§ **About this task**
Copy all the lines of the data that include the word "subseteq".

Dataset entries:
====

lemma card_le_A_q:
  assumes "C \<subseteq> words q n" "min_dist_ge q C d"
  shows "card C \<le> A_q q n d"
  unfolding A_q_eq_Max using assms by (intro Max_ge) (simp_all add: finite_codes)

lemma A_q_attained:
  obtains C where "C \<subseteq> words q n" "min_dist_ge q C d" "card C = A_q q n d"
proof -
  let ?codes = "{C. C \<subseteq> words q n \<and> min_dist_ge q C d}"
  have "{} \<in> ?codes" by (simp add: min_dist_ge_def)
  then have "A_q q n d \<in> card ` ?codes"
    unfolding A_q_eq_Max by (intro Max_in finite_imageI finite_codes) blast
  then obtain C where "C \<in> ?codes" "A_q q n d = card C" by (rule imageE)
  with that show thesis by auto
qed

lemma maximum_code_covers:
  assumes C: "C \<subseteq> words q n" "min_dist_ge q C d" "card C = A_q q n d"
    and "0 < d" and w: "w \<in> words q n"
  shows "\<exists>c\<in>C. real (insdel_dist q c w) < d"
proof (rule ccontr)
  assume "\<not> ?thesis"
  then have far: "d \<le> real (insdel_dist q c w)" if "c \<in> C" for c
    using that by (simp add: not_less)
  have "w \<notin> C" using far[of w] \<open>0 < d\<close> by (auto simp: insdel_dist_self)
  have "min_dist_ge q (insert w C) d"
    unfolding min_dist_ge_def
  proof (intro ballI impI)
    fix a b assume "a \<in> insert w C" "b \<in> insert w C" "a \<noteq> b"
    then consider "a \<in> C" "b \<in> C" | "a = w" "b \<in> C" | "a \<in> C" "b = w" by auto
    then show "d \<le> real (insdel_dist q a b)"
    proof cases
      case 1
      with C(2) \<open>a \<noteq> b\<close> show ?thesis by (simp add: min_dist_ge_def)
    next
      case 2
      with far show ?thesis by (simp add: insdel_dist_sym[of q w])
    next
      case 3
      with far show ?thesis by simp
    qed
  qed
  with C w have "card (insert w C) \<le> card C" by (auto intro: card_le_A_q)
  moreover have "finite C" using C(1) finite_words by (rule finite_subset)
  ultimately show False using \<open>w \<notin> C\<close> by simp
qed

====

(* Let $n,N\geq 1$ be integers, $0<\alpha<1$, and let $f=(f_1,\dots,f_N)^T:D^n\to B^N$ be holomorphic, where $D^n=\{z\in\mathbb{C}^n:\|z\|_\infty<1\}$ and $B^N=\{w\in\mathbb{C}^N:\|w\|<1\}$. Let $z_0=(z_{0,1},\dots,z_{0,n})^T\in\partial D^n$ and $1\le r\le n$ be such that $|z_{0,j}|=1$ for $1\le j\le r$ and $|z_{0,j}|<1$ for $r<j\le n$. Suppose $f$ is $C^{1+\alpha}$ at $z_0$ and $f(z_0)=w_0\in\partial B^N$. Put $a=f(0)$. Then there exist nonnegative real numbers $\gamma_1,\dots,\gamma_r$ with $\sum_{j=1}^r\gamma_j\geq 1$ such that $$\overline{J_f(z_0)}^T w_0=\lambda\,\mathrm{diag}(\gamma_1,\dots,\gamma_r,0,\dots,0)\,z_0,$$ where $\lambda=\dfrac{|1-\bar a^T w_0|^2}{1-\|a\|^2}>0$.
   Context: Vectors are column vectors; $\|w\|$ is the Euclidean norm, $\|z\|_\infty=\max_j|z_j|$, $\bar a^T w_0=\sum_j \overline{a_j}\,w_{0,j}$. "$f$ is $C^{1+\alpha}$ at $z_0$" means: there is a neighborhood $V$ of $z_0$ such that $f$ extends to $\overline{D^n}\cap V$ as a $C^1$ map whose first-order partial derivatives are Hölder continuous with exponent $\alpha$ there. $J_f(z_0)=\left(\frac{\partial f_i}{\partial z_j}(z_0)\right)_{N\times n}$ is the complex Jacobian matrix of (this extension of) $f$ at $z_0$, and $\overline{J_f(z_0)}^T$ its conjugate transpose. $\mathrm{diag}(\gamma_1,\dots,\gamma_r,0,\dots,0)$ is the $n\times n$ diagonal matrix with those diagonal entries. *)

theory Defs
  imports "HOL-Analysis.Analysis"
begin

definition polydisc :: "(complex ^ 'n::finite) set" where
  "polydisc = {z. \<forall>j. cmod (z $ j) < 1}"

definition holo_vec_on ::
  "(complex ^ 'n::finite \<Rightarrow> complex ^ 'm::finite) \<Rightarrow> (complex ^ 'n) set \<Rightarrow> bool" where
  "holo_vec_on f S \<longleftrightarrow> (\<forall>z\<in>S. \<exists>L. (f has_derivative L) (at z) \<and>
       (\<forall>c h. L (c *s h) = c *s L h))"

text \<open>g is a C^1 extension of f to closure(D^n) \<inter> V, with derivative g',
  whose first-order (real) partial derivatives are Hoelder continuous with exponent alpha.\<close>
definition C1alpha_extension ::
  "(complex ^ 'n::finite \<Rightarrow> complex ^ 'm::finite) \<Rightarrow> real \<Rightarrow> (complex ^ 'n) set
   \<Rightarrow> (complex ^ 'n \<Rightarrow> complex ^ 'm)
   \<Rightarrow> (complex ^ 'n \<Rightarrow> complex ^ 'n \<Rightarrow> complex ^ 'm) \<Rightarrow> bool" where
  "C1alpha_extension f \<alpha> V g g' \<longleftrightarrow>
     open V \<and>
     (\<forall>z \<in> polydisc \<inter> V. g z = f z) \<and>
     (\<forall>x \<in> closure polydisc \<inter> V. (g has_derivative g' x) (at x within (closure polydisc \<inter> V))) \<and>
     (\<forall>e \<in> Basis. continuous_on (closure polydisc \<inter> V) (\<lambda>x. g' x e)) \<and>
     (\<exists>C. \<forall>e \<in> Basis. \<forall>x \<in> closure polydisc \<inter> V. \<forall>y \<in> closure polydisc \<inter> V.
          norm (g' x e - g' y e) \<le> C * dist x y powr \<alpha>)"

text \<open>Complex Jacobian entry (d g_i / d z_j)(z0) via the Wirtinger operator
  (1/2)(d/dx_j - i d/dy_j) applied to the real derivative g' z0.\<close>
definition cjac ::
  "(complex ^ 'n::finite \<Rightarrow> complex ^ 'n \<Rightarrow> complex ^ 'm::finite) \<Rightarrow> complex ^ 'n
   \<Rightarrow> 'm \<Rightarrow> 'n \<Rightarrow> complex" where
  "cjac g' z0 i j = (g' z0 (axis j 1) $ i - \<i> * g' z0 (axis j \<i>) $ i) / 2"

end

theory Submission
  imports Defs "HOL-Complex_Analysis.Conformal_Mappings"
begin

====

§ **Exercise answer**
  assumes "C \<subseteq> words q n" "min_dist_ge q C d"
  obtains C where "C \<subseteq> words q n" "min_dist_ge q C d" "card C = A_q q n d"
  let ?codes = "{C. C \<subseteq> words q n \<and> min_dist_ge q C d}"
  assumes C: "C \<subseteq> words q n" "min_dist_ge q C d" "card C = A_q q n d"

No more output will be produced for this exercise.